*Your assignment*
Your task is to copy all of the entries exactly as they are given.

*Supplied information*
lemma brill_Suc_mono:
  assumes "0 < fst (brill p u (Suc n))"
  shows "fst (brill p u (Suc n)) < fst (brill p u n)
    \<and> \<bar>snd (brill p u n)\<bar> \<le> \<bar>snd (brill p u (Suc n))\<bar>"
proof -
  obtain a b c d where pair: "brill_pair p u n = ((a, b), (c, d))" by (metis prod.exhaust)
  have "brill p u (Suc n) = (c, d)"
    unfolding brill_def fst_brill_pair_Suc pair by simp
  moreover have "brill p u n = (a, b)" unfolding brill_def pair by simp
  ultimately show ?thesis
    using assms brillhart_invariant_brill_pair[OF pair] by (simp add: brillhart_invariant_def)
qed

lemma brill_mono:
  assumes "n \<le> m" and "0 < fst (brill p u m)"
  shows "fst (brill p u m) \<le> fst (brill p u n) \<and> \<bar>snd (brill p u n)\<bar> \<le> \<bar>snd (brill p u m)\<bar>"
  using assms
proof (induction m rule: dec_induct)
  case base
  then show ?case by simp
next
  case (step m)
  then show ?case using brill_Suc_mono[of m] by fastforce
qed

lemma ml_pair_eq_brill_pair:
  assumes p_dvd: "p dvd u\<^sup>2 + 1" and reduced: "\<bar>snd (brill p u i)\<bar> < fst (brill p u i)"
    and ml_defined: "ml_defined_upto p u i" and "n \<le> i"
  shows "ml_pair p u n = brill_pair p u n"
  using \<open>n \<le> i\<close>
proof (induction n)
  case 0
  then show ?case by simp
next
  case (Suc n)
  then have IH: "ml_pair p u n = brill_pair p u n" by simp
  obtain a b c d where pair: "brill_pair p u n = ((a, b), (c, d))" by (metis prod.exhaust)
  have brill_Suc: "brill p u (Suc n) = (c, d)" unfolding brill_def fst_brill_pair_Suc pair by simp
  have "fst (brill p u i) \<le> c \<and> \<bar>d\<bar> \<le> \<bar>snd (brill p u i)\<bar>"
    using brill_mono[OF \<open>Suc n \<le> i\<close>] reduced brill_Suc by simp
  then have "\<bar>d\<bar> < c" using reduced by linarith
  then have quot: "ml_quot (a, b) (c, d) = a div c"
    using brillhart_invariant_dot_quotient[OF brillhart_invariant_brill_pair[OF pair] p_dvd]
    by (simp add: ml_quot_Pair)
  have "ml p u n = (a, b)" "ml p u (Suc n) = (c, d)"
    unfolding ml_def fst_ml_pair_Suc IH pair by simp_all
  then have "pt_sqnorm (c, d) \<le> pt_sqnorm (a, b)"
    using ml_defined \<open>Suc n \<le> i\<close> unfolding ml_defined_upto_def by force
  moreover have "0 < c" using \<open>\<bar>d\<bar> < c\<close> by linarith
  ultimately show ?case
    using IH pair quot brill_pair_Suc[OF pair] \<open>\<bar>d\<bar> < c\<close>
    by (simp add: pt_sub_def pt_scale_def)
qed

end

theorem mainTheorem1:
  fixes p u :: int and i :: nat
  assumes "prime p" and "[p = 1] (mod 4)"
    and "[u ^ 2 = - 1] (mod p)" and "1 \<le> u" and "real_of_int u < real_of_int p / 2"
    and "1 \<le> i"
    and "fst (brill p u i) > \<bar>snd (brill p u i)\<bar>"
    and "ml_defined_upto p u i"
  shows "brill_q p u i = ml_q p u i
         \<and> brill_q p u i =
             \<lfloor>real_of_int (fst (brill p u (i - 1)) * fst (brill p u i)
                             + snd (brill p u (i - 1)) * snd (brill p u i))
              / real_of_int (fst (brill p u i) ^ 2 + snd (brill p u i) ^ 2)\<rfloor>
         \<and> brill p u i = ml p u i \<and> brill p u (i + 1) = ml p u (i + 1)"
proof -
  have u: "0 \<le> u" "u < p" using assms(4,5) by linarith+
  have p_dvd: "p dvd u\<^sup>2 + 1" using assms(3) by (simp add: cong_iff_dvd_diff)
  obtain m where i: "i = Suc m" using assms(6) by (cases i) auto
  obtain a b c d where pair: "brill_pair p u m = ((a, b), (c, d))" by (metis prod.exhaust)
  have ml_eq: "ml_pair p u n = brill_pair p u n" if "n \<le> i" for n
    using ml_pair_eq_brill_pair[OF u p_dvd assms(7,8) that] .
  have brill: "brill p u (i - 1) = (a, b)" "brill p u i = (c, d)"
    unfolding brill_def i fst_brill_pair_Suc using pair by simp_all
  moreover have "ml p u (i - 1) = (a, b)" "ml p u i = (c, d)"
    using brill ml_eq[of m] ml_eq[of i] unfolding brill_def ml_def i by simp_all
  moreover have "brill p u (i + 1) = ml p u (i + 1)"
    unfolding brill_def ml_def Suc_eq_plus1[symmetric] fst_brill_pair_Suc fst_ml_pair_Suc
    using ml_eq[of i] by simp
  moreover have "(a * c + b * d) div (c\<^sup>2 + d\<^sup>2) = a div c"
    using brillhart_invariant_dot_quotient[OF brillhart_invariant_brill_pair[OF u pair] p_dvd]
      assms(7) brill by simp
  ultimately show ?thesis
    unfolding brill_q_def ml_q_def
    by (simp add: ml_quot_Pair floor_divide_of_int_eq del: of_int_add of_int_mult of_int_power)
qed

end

*Exercise solution*
lemma brill_Suc_mono:
  assumes "0 < fst (brill p u (Suc n))"
  shows "fst (brill p u (Suc n)) < fst (brill p u n)
    \<and> \<bar>snd (brill p u n)\<bar> \<le> \<bar>snd (brill p u (Suc n))\<bar>"
proof -
  obtain a b c d where pair: "brill_pair p u n = ((a, b), (c, d))" by (metis prod.exhaust)
  have "brill p u (Suc n) = (c, d)"
    unfolding brill_def fst_brill_pair_Suc pair by simp
  moreover have "brill p u n = (a, b)" unfolding brill_def pair by simp
  ultimately show ?thesis
    using assms brillhart_invariant_brill_pair[OF pair] by (simp add: brillhart_invariant_def)
qed

lemma brill_mono:
  assumes "n \<le> m" and "0 < fst (brill p u m)"
  shows "fst (brill p u m) \<le> fst (brill p u n) \<and> \<bar>snd (brill p u n)\<bar> \<le> \<bar>snd (brill p u m)\<bar>"
  using assms
proof (induction m rule: dec_induct)
  case base
  then show ?case by simp
next
  case (step m)
  then show ?case using brill_Suc_mono[of m] by fastforce
qed

lemma ml_pair_eq_brill_pair:
  assumes p_dvd: "p dvd u\<^sup>2 + 1" and reduced: "\<bar>snd (brill p u i)\<bar> < fst (brill p u i)"
    and ml_defined: "ml_defined_upto p u i" and "n \<le> i"
  shows "ml_pair p u n = brill_pair p u n"
  using \<open>n \<le> i\<close>
proof (induction n)
  case 0
  then show ?case by simp
next
  case (Suc n)
  then have IH: "ml_pair p u n = brill_pair p u n" by simp
  obtain a b c d where pair: "brill_pair p u n = ((a, b), (c, d))" by (metis prod.exhaust)
  have brill_Suc: "brill p u (Suc n) = (c, d)" unfolding brill_def fst_brill_pair_Suc pair by simp
  have "fst (brill p u i) \<le> c \<and> \<bar>d\<bar> \<le> \<bar>snd (brill p u i)\<bar>"
    using brill_mono[OF \<open>Suc n \<le> i\<close>] reduced brill_Suc by simp
  then have "\<bar>d\<bar> < c" using reduced by linarith
  then have quot: "ml_quot (a, b) (c, d) = a div c"
    using brillhart_invariant_dot_quotient[OF brillhart_invariant_brill_pair[OF pair] p_dvd]
    by (simp add: ml_quot_Pair)
  have "ml p u n = (a, b)" "ml p u (Suc n) = (c, d)"
    unfolding ml_def fst_ml_pair_Suc IH pair by simp_all
  then have "pt_sqnorm (c, d) \<le> pt_sqnorm (a, b)"
    using ml_defined \<open>Suc n \<le> i\<close> unfolding ml_defined_upto_def by force
  moreover have "0 < c" using \<open>\<bar>d\<bar> < c\<close> by linarith
  ultimately show ?case
    using IH pair quot brill_pair_Suc[OF pair] \<open>\<bar>d\<bar> < c\<close>
    by (simp add: pt_sub_def pt_scale_def)
qed

end

theorem mainTheorem1:
  fixes p u :: int and i :: nat
  assumes "prime p" and "[p = 1] (mod 4)"
    and "[u ^ 2 = - 1] (mod p)" and "1 \<le> u" and "real_of_int u < real_of_int p / 2"
    and "1 \<le> i"
    and "fst (brill p u i) > \<bar>snd (brill p u i)\<bar>"
    and "ml_defined_upto p u i"
  shows "brill_q p u i = ml_q p u i
         \<and> brill_q p u i =
             \<lfloor>real_of_int (fst (brill p u (i - 1)) * fst (brill p u i)
                             + snd (brill p u (i - 1)) * snd (brill p u i))
              / real_of_int (fst (brill p u i) ^ 2 + snd (brill p u i) ^ 2)\<rfloor>
         \<and> brill p u i = ml p u i \<and> brill p u (i + 1) = ml p u (i + 1)"
proof -
  have u: "0 \<le> u" "u < p" using assms(4,5) by linarith+
  have p_dvd: "p dvd u\<^sup>2 + 1" using assms(3) by (simp add: cong_iff_dvd_diff)
  obtain m where i: "i = Suc m" using assms(6) by (cases i) auto
  obtain a b c d where pair: "brill_pair p u m = ((a, b), (c, d))" by (metis prod.exhaust)
  have ml_eq: "ml_pair p u n = brill_pair p u n" if "n \<le> i" for n
    using ml_pair_eq_brill_pair[OF u p_dvd assms(7,8) that] .
  have brill: "brill p u (i - 1) = (a, b)" "brill p u i = (c, d)"
    unfolding brill_def i fst_brill_pair_Suc using pair by simp_all
  moreover have "ml p u (i - 1) = (a, b)" "ml p u i = (c, d)"
    using brill ml_eq[of m] ml_eq[of i] unfolding brill_def ml_def i by simp_all
  moreover have "brill p u (i + 1) = ml p u (i + 1)"
    unfolding brill_def ml_def Suc_eq_plus1[symmetric] fst_brill_pair_Suc fst_ml_pair_Suc
    using ml_eq[of i] by simp
  moreover have "(a * c + b * d) div (c\<^sup>2 + d\<^sup>2) = a div c"
    using brillhart_invariant_dot_quotient[OF brillhart_invariant_brill_pair[OF u pair] p_dvd]
      assms(7) brill by simp
  ultimately show ?thesis
    unfolding brill_q_def ml_q_def
    by (simp add: ml_quot_Pair floor_divide_of_int_eq del: of_int_add of_int_mult of_int_power)
qed

end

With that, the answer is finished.